Thursday, October 3, 2013

Chapter 4 & 5 Response

I found this week's reading to be almost a checklist for myself, to see what I have at my office space.

•Paper-holding trays (at least three)
•A stack of plain letter-size paper
•A pen/pencil
•Post-its (3X3s)
•Paper clips
•Binder clips
•A stapler and staples
•Scotch tape
•Rubber bands
•An automatic labeler
•File folders
•A calendar
•Wastebasket/recycling bins

Happy to say that I think I have about 80% of this at my office cubicle. However, Allen pointed out that this should also be present at your home office. I went and checked on that, and I think the only thing I have are pencils and paper. Fail! I really like the system he set up, however as an avid Google Calendar and Any-do (a to-do application on my phone) I am definitely interested to see how his techniques could translate into my more technology based organization system. 

In Chapter 5 I enjoyed his approach to incomplete tasks, and I laughed when he mentioned the Purge-and-Organize bug. I do this SO many times, where I will be looking for something in my file cabinets, and then caught up with how messy it is and end up spending a good hour or two cleaning and reorganizing the entire cabinet. When I come to realize that it looks exactly as it did before, I look at the time and realize I didn't get done what I had originally gone to the cabinet to do in the first place. I am interested in his philosophy of the "in" box, and also to go for quantity.

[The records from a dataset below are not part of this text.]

lemma zero_in_interior_symmetric_convex:
  fixes P :: "'a::euclidean_space set"
  assumes "convex P" "interior P \<noteq> {}" "\<forall>x\<in>P. - x \<in> P"
  shows "0 \<in> interior P"
proof -
  obtain x where x: "x \<in> interior P" using assms(2) by blast
  have "uminus ` P = P" using assms(3) by force
  then have "- x \<in> interior P" using x interior_negations[of P] by (metis image_eqI)
  then have "(1/2) *\<^sub>R x + (1/2) *\<^sub>R (- x) \<in> interior P"
    using x convex_interior[OF assms(1)] by (intro convexD) auto
  then show ?thesis by simp
qed

lemma facet_of_polyhedron_normalized:
  fixes P :: "'a::euclidean_space set"
  assumes "polyhedron P" "0 \<in> interior P" "F facet_of P"
  obtains w where "P \<subseteq> {x. w \<bullet> x \<le> 1}" "F = P \<inter> {x. w \<bullet> x = 1}"
proof -
  obtain a b where ab: "a \<noteq> 0" "P \<subseteq> {x. a \<bullet> x \<le> b}" "F = P \<inter> {x. a \<bullet> x = b}"
    using facet_of_polyhedron[OF assms(1,3)] by blast
  have "0 \<in> interior {x. a \<bullet> x \<le> b}" using assms(2) interior_mono[OF ab(2)] by blast
  then have "b > 0" using ab(1) by simp
  then have "P \<subseteq> {x. (a /\<^sub>R b) \<bullet> x \<le> 1}" "F = P \<inter> {x. (a /\<^sub>R b) \<bullet> x = 1}"
    using ab by (auto simp: field_simps)
  then show thesis by (rule that)
qed

lemma pyramid_lmeasurable:
  fixes F :: "'a::euclidean_space set"
  shows "compact F \<Longrightarrow> pyramid F \<in> lmeasurable"
  unfolding pyramid_def by (intro lmeasurable_compact compact_convex_hull) simp

lemma measure_pyramid_pos:
  fixes F :: "'a::euclidean_space set"
  assumes "compact F" "aff_dim F = int DIM('a) - 1" "0 \<notin> affine hull F"
  shows "measure lebesgue (pyramid F) > 0"
proof -
  have "aff_dim (pyramid F) = int DIM('a)"
    using assms(2,3) by (simp add: pyramid_def aff_dim_convex_hull aff_dim_insert)
  then have "interior (pyramid F) \<noteq> {}"
    by (intro aff_dim_full_imp_interior_nonempty) (auto simp: pyramid_def hull_inc)
  then have "\<not> negligible (pyramid F)"
    by (simp add: negligible_convex_interior pyramid_def)
  then show ?thesis
    using pyramid_lmeasurable[OF assms(1)] negligible_iff_measure0 measure_nonneg
    by (metis order_le_less)
qed

lemma measure_facet_pyramid_pos:
  fixes P :: "'a::euclidean_space set"
  assumes "polytope P" "aff_dim P = int DIM('a)" "0 \<in> interior P" "F facet_of P"
  shows "measure lebesgue (pyramid F) > 0"
proof (rule measure_pyramid_pos)
  show "compact F"
    using assms(1,4) facet_of_imp_face_of face_of_polytope_polytope polytope_imp_compact by blast
  show "aff_dim F = int DIM('a) - 1" using assms(2,4) by (simp add: facet_of_def)
  obtain w where "F = P \<inter> {x. w \<bullet> x = 1}"
    using facet_of_polyhedron_normalized[OF polytope_imp_polyhedron[OF assms(1)] assms(3,4)] by blast
  then have "affine hull F \<subseteq> {x. w \<bullet> x = 1}" by (intro hull_minimal) (auto simp: affine_hyperplane)
  then show "0 \<notin> affine hull F" by auto
qed

text \<open>Each of the two pyramids lies on its own side of the hyperplane on which the two facet
  functionals agree.\<close>
lemma negligible_Int_facet_pyramids:
  fixes P :: "'a::euclidean_space set"
  assumes "polyhedron P" "0 \<in> interior P" "F facet_of P" "G facet_of P" "F \<noteq> G"
  shows "negligible (pyramid F \<inter> pyramid G)"
proof -
  obtain wF where wF: "P \<subseteq> {x. wF \<bullet> x \<le> 1}" "F = P \<inter> {x. wF \<bullet> x = 1}"
    using facet_of_polyhedron_normalized[OF assms(1,2,3)] by blast
  obtain wG where wG: "P \<subseteq> {x. wG \<bullet> x \<le> 1}" "G = P \<inter> {x. wG \<bullet> x = 1}"
    using facet_of_polyhedron_normalized[OF assms(1,2,4)] by blast
  have "pyramid F \<subseteq> {x. (wG - wF) \<bullet> x \<le> 0}"
    unfolding pyramid_def using wF wG convex_halfspace_le[of "wG - wF" 0]
    by (intro hull_minimal) (auto simp: inner_diff_left)
  moreover have "pyramid G \<subseteq> {x. (wG - wF) \<bullet> x \<ge> 0}"
    unfolding pyramid_def using wF wG convex_halfspace_ge[of 0 "wG - wF"]
    by (intro hull_minimal) (auto simp: inner_diff_left)
  ultimately have "pyramid F \<inter> pyramid G \<subseteq> {x. (wG - wF) \<bullet> x = 0}"
    by (blast intro: order_antisym)
  moreover have "wG - wF \<noteq> 0" using wF wG assms(5) by auto
  ultimately show ?thesis using negligible_hyperplane negligible_subset by blast
qed
text \<open>Descending ordered product  f b * f (b-1) * ... * f a  in the group G
  (equal to the identity when b < a).\<close>
definition dprod :: "('a, 'b) monoid_scheme \<Rightarrow> (nat \<Rightarrow> 'a) \<Rightarrow> nat \<Rightarrow> nat \<Rightarrow> 'a" where
  "dprod G f a b = foldr (\<lambda>i acc. f i \<otimes>\<^bsub>G\<^esub> acc) (rev [a..<Suc b]) \<one>\<^bsub>G\<^esub>"

definition gcomm :: "('a, 'b) monoid_scheme \<Rightarrow> 'a \<Rightarrow> 'a \<Rightarrow> 'a" where
  "gcomm G g h = g \<otimes>\<^bsub>G\<^esub> h \<otimes>\<^bsub>G\<^esub> inv\<^bsub>G\<^esub> g \<otimes>\<^bsub>G\<^esub> inv\<^bsub>G\<^esub> h"

definition gconj :: "('a, 'b) monoid_scheme \<Rightarrow> 'a \<Rightarrow> 'a \<Rightarrow> 'a" where
  "gconj G g h = g \<otimes>\<^bsub>G\<^esub> h \<otimes>\<^bsub>G\<^esub> inv\<^bsub>G\<^esub> g"

text \<open>A pair (lambda, xi) in Lambda_t x Xi_t is encoded as one function
  u on indices 1..k: lambda = (u 1, ..., u t), xi = (u (t+1), ..., u k).
  f_lambda = [e_t^(u t), e_(t-1)^(u (t-1)) ... e_1^(u 1)],
  g_xi = e_k^(u k) ... e_(t+1)^(u (t+1))  (empty product = 1 when t = k).\<close>
definition S1 :: "('a, 'b) monoid_scheme \<Rightarrow> (nat \<Rightarrow> 'a) \<Rightarrow> (nat \<Rightarrow> nat) \<Rightarrow> nat \<Rightarrow> 'a set" where
  "S1 G e m k =
     { gconj G (dprod G (\<lambda>j. e j [^]\<^bsub>G\<^esub> u j) (Suc t) k)
               (gcomm G (e t [^]\<^bsub>G\<^esub> u t) (dprod G (\<lambda>j. e j [^]\<^bsub>G\<^esub> u j) 1 (t - 1)))
     | t u. 2 \<le> t \<and> t \<le> k
          \<and> (\<forall>i\<in>{1..<t}. 1 \<le> u i \<and> u i \<le> m i)
          \<and> (\<exists>i\<in>{1..<t}. u i \<noteq> m i)
          \<and> 1 \<le> u t \<and> u t \<le> m t - 1
          \<and> (\<forall>i\<in>{Suc t..k}. 1 \<le> u i \<and> u i \<le> m i) }"

end

theory Submission
  imports Defs
begin

(* Write the ordered product e_k^(i_k) ... e_1^(i_1) as A x B, where x = e_j^(i_j) and A, B
   collect the factors with index above and below j. For every d,
     A x B d = ^A[x, B] (^A[x d, B])^-1 (A (x d) B),
   so right multiplication by e_j^d only changes the exponent of e_j, up to a left factor in
   <S_1>, provided every ^A[e_j^r, B] lies in <S_1>. After reducing all exponents modulo m_l
   into {1..m_l} such an element is trivial (when e_j^r = 1 or B = 1) or belongs to S_1.
   Induction along a word in the e_j^(+-1) gives the claim. *)

context group
begin

lemma foldr_mult_closed:
  "(\<And>x. x \<in> set xs \<Longrightarrow> f x \<in> carrier G) \<Longrightarrow> foldr (\<lambda>x acc. f x \<otimes> acc) xs \<one> \<in> carrier G"
  by (induction xs) auto

lemma foldr_mult_eq_mult:
  "(\<And>x. x \<in> set xs \<Longrightarrow> f x \<in> carrier G) \<Longrightarrow> z \<in> carrier G \<Longrightarrow>
   foldr (\<lambda>x acc. f x \<otimes> acc) xs z = foldr (\<lambda>x acc. f x \<otimes> acc) xs \<one> \<otimes> z"
  by (induction xs) (auto simp: m_assoc foldr_mult_closed)

lemma dprod_closed:
  "(\<And>l. l \<in> {a..b} \<Longrightarrow> f l \<in> carrier G) \<Longrightarrow> dprod G f a b \<in> carrier G"
  unfolding dprod_def by (rule foldr_mult_closed) auto

lemma dprod_cong: "(\<And>l. l \<in> {a..b} \<Longrightarrow> f l = g l) \<Longrightarrow> dprod G f a b = dprod G g a b"
  unfolding dprod_def by (rule foldr_cong) auto

lemma dprod_const_one: "dprod G (\<lambda>_. \<one>) a b = \<one>"
proof -
  have "foldr (\<lambda>_ acc. \<one> \<otimes> acc) xs \<one> = \<one>" for xs :: "nat list"
    by (induction xs) auto
  then show ?thesis unfolding dprod_def by simp
qed

lemma dprod_split:
  assumes "a \<le> Suc c" "c \<le> b" "\<And>l. l \<in> {a..b} \<Longrightarrow> f l \<in> carrier G"
  shows "dprod G f a b = dprod G f (Suc c) b \<otimes> dprod G f a c"
proof -
  have "[a..<Suc b] = [a..<Suc c] @ [Suc c..<Suc b]"
    using upt_add_eq_append[of a "Suc c" "b - c"] assms by simp
  then have split: "rev [a..<Suc b] = rev [Suc c..<Suc b] @ rev [a..<Suc c]" by simp
  show ?thesis
    unfolding dprod_def split foldr_append using assms
    by (intro foldr_mult_eq_mult foldr_mult_closed) auto
qed

lemma dprod_split_at:
  assumes "a \<le> j" "j \<le> b" "0 < j" "\<And>l. l \<in> {a..b} \<Longrightarrow> f l \<in> carrier G"
  shows "dprod G f a b = dprod G f (Suc j) b \<otimes> (f j \<otimes> dprod G f a (j - 1))"
proof -
  have "dprod G f a b = dprod G f (Suc j) b \<otimes> dprod G f a j"
    using assms by (intro dprod_split) auto
  also have "dprod G f a j = dprod G f j j \<otimes> dprod G f a (j - 1)"
    using assms dprod_split[of a "j - 1" j f] by auto
  also have "dprod G f j j = f j"
    unfolding dprod_def using assms by simp
  finally show ?thesis .
qed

To quote directly from the book, I thoroughly enjoyed what the "in" box is capable of achieving,

"When you've finished processing "in," you will have
  • 1 | trashed what you don't need;
  • 2 | completed any less-than-two-minute actions;
  • 3 | handed off to others anything that can be delegated;
  • 4 | sorted into your own organizing system reminders of
  • actions that require more than two minutes; and
  • 5 | identified any larger commitments (projects) you now have,
  • based on the input. "
I am convinced to try out this method in the coming weeks and seeing how it will affect my quality of life. Cheers!